In our study, we employed YOLOv8 [11] as the colony detector. It was trained on 119 plate images from the aforementioned pretraining dataset (see Figure 4) and evaluated on a held-out test set of 105 images. All annotated colonies regardless of species were collapsed into a single “colony” label, directing YOLO to focus exclusively on precise bounding-box placement rather than species discrimination. We opted not to retrain YOLO for colony classification, as doing so would require a large number of annotated examples for each species. Thus, we used YOLO strictly as a colony detector. YOLOv8’s ability to accurately detect colonies allowed us to replace manual annotation tools such as ImageJ, significantly accelerating the preprocessing workflow for a scalable downstream classification.
Figure 1.
Representative images from the target (fine-tuning) dataset, showing the four coliform species in panel order from upper left to lower right: Citrobacter freundii (upper left), Enterobacter aerogenes (upper right), Escherichia coli (lower left), and Klebsiella pneumoniae (lower right).
Figure 2.
Three mixed-coliform agar plate samples from our in-house dataset, each containing colonies of Citrobacter freundii (Red), Enterobacter aerogenes (Green), Escherichia coli (Blue), and Klebsiella pneumoniae (Black). Bounding boxes overlaid on each plate indicate colony detections generated by the proposed YOLOv8 + CNN pipeline.
Figure 3.
Sample images from the Source (Pretraining) Dataset, illustrating four of the pretraining classes: Listeria monocytogenes, Pasteurella multocida, Salmonella enterica, and Staphylococcus hyicus.
Figure 4.
Two-column workflow illustrating the use of the Source (Pretraining) Dataset (left) and the Target (Fine-Tuning) Dataset (right). In the source domain, YOLOv8 is trained to detect colonies and a CNN is pretrained on ten public bacterial classes. These pretrained components are then transferred to the target domain, where YOLOv8 performs colony detection on in-house laboratory images and the CNN is fine-tuned on four local coliform species. The final model performs colony classification for downstream analysis.

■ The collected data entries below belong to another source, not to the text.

lemma amplitude_limits:
  assumes F: "F = at_top \<or> F = at_bot"
    and right: "(amplitude (-1) \<longlongrightarrow> A') F" and left: "(amplitude 1 \<longlongrightarrow> B') F"
    and close: "((\<lambda>x. p x - (A * exp (\<i> * of_real (\<kappa> * x)) + B * exp (- \<i> * of_real (\<kappa> * x)))) \<longlongrightarrow> 0) F"
  shows "A' = 2 * A" and "B' = 2 * B"
proof -
  define e where "e = (\<lambda>s x. exp (of_real s * \<i> * of_real (\<kappa> * x)) :: complex)"
  have unit: "cmod (e s x) = 1" for s x
    by (simp add: e_def)
  have "((\<lambda>x. (p x - (A * e 1 x + B * e (-1) x)) - (amplitude (-1) x - A') / 2 * e 1 x
      - (amplitude 1 x - B') / 2 * e (-1) x) \<longlongrightarrow> 0 - 0 - 0) F"
  proof (intro tendsto_diff)
    show "((\<lambda>x. p x - (A * e 1 x + B * e (-1) x)) \<longlongrightarrow> 0) F"
      using close by (simp add: e_def)
    show "((\<lambda>x. (amplitude (-1) x - A') / 2 * e 1 x) \<longlongrightarrow> 0) F"
      by (rule tendsto_0_le[where K = "1 / 2", OF LIM_zero[OF right]])
         (simp add: norm_mult unit)
    show "((\<lambda>x. (amplitude 1 x - B') / 2 * e (-1) x) \<longlongrightarrow> 0) F"
      by (rule tendsto_0_le[where K = "1 / 2", OF LIM_zero[OF left]])
         (simp add: norm_mult unit)
  qed
  moreover have "(p x - (A * e 1 x + B * e (-1) x)) - (amplitude (-1) x - A') / 2 * e 1 x
      - (amplitude 1 x - B') / 2 * e (-1) x
      = (A' / 2 - A) * exp (\<i> * of_real (\<kappa> * x)) + (B' / 2 - B) * exp (- \<i> * of_real (\<kappa> * x))" for x
    by (subst solution_amplitudes) (simp add: e_def field_simps)
  ultimately have "((\<lambda>x. (A' / 2 - A) * exp (\<i> * of_real (\<kappa> * x))
      + (B' / 2 - B) * exp (- \<i> * of_real (\<kappa> * x))) \<longlongrightarrow> 0) F"
    by simp
  then have "A' / 2 - A = 0 \<and> B' / 2 - B = 0"
    using F exp_combination_tendsto_zero_at_top[OF \<kappa>_pos] exp_combination_tendsto_zero_at_bot[OF \<kappa>_pos]
    by blast
  then show "A' = 2 * A" and "B' = 2 * B"
    by simp_all
qed

(* Scattering identities for a solution behaving like sqrt \<kappa> (e^(i\<kappa>x) + r e^(-i\<kappa>x)) at -\<infinity>
   and like sqrt \<kappa> \<tau> e^(i\<kappa>x) at +\<infinity>: flux conservation gives |\<tau>|\<^sup>2 = 1 - |r|\<^sup>2, and
   comparing the gap function at both ends gives 1 + |r| \<le> (1 - |r|) exp I. *)
lemma scattering_bound:
  assumes left: "((\<lambda>x. p x - of_real (sqrt \<kappa>) * (exp (\<i> * of_real (\<kappa> * x))
      + r * exp (- \<i> * of_real (\<kappa> * x)))) \<longlongrightarrow> 0) at_bot"
    and right: "((\<lambda>x. p x - of_real (sqrt \<kappa>) * (\<tau> * exp (\<i> * of_real (\<kappa> * x)))) \<longlongrightarrow> 0) at_top"
  shows "(cmod \<tau>)\<^sup>2 = 1 - (cmod r)\<^sup>2" and "1 + cmod r \<le> (1 - cmod r) * exp I"
proof -
  define \<rho> where "\<rho> = cmod r"
  obtain R_top L_top R_bot L_bot where
    lim_R_top: "(amplitude (-1) \<longlongrightarrow> R_top) at_top" and lim_L_top: "(amplitude 1 \<longlongrightarrow> L_top) at_top"
    and lim_R_bot: "(amplitude (-1) \<longlongrightarrow> R_bot) at_bot" and lim_L_bot: "(amplitude 1 \<longlongrightarrow> L_bot) at_bot"
    using amplitude_converges[of "-1"] amplitude_converges[of 1] by auto
  have "((\<lambda>x. p x - (of_real (sqrt \<kappa>) * \<tau> * exp (\<i> * of_real (\<kappa> * x))
      + 0 * exp (- \<i> * of_real (\<kappa> * x)))) \<longlongrightarrow> 0) at_top"
    using right by (simp add: mult.assoc)
  then have "R_top = 2 * (of_real (sqrt \<kappa>) * \<tau>)" "L_top = 2 * 0"
    using amplitude_limits[OF disjI1[OF refl] lim_R_top lim_L_top] by blast+
  then have energy_top: "(energy \<longlongrightarrow> 4 * \<kappa> * (cmod \<tau>)\<^sup>2) at_top"
    and flux_top: "(flux \<longlongrightarrow> 4 * \<kappa> * (cmod \<tau>)\<^sup>2) at_top"
    unfolding energy_amplitudes[abs_def] flux_amplitudes[abs_def] using \<kappa>_pos
    by (auto intro!: tendsto_eq_intros lim_R_top lim_L_top simp: norm_mult power_mult_distrib)
  have "((\<lambda>x. p x - (of_real (sqrt \<kappa>) * exp (\<i> * of_real (\<kappa> * x))
      + of_real (sqrt \<kappa>) * r * exp (- \<i> * of_real (\<kappa> * x)))) \<longlongrightarrow> 0) at_bot"
    using left by (simp add: algebra_simps)
  then have "R_bot = 2 * of_real (sqrt \<kappa>)" "L_bot = 2 * (of_real (sqrt \<kappa>) * r)"
    using amplitude_limits[OF disjI2[OF refl] lim_R_bot lim_L_bot] by blast+
  then have energy_bot: "(energy \<longlongrightarrow> 4 * \<kappa> * (1 + \<rho>\<^sup>2)) at_bot"
    and flux_bot: "(flux \<longlongrightarrow> 4 * \<kappa> * (1 - \<rho>\<^sup>2)) at_bot"
    unfolding energy_amplitudes[abs_def] flux_amplitudes[abs_def] \<rho>_def using \<kappa>_pos
    by (auto intro!: tendsto_eq_intros lim_R_bot lim_L_bot simp: norm_mult algebra_simps)
  have flux_const: "flux = (\<lambda>_. current)"
    using flux_eq_current by auto
  have current_top: "current = 4 * \<kappa> * (cmod \<tau>)\<^sup>2"
    using flux_top unfolding flux_const by (simp add: tendsto_const_iff)
  have current_bot: "current = 4 * \<kappa> * (1 - \<rho>\<^sup>2)"
    using flux_bot unfolding flux_const by (simp add: tendsto_const_iff)
  show "(cmod \<tau>)\<^sup>2 = 1 - (cmod r)\<^sup>2"
    using current_top current_bot \<kappa>_pos by (simp add: \<rho>_def)
  define E where "E = 4 * \<kappa> * (1 + \<rho>\<^sup>2)"
  have gap_limits: "E + sqrt (E\<^sup>2 - current\<^sup>2 + \<epsilon>) \<le> (current + sqrt \<epsilon>) * exp I" if "\<epsilon> > 0" for \<epsilon>
  proof (rule limit_at_bot_le_limit_at_top[of "gap \<epsilon>"])
    show "(gap \<epsilon> \<longlongrightarrow> E + sqrt (E\<^sup>2 - current\<^sup>2 + \<epsilon>)) at_bot"
      unfolding gap_def[abs_def] E_def by (intro tendsto_intros energy_bot)
    show "(gap \<epsilon> \<longlongrightarrow> current + sqrt \<epsilon>) at_top"
      unfolding gap_def[abs_def] current_top
      by (auto intro!: tendsto_eq_intros energy_top)
    show "gap \<epsilon> x \<le> gap \<epsilon> y * exp I" if "x \<le> y" for x y
      using gap_ratio(1)[OF \<open>\<epsilon> > 0\<close> that] .
  qed
  have "E\<^sup>2 - current\<^sup>2 = (8 * \<kappa> * \<rho>)\<^sup>2"
    unfolding E_def current_bot by (simp add: power2_eq_square algebra_simps)
  then have "sqrt (E\<^sup>2 - current\<^sup>2) = 8 * \<kappa> * \<rho>"
    using \<kappa>_pos by (simp add: \<rho>_def)
  then have regularised: "4 * \<kappa> * (1 + \<rho>)\<^sup>2 \<le> (current + sqrt \<epsilon>) * exp I" if "\<epsilon> > 0" for \<epsilon>
    using gap_limits[OF that] real_sqrt_le_mono[of "E\<^sup>2 - current\<^sup>2" "E\<^sup>2 - current\<^sup>2 + \<epsilon>"] that
    by (simp add: E_def power2_eq_square algebra_simps)
  have "((\<lambda>\<epsilon>. (current + sqrt \<epsilon>) * exp I) \<longlongrightarrow> (current + sqrt 0) * exp I) (at_right 0)"
    by (intro tendsto_intros)
  moreover have "eventually (\<lambda>\<epsilon>. 4 * \<kappa> * (1 + \<rho>)\<^sup>2 \<le> (current + sqrt \<epsilon>) * exp I) (at_right 0)"
    using eventually_at_right_less[of "0::real"] by (rule eventually_mono) (rule regularised)
  ultimately have "4 * \<kappa> * (1 + \<rho>)\<^sup>2 \<le> (current + sqrt 0) * exp I"
    by (rule tendsto_le[OF trivial_limit_at_right_real _ tendsto_const])
  then have "(1 + \<rho>) * (4 * \<kappa> * (1 + \<rho>)) \<le> ((1 - \<rho>) * exp I) * (4 * \<kappa> * (1 + \<rho>))"
    unfolding current_bot by (simp add: power2_eq_square algebra_simps)
  moreover have "4 * \<kappa> * (1 + \<rho>) > 0"
    using \<kappa>_pos by (simp add: \<rho>_def add_pos_nonneg)
  ultimately have "1 + \<rho> \<le> (1 - \<rho>) * exp I"
    by (rule mult_right_le_imp_le)
  then show "1 + cmod r \<le> (1 - cmod r) * exp I"
    by (simp add: \<rho>_def)
qed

Given the small size and high density of many colonies, each full-plate image was subdivided into overlapping tiles (both 640 × 640 px and 1,280 × 1,280 px grids with 100 px and 200 px overlaps). This tiling strategy ensures that colonies near tile borders retain sufficient context for reliable detection. When using overlapping tiles, it’s common for the same colony to be detected multiple times near tile edges. A standard approach to address this redundancy is the use of Non-Maximum Suppression (NMS), a post-processing technique that filters overlapping predictions by retaining only the one with the highest confidence score based on the Intersection over Union (IoU) metric. Integrating NMS is especially useful in tiled object detection pipelines, as it can improve output clarity by consolidating redundant detections. While our current pipeline proceeds directly to classification using all predicted regions without applying NMS, this design choice does not substantially impact performance, as each detected patch is independently cropped, resized, and classified. Nonetheless, incorporating NMS in future iterations may help streamline detection outputs and reduce post-processing effort, particularly in densely populated regions or at tile boundaries.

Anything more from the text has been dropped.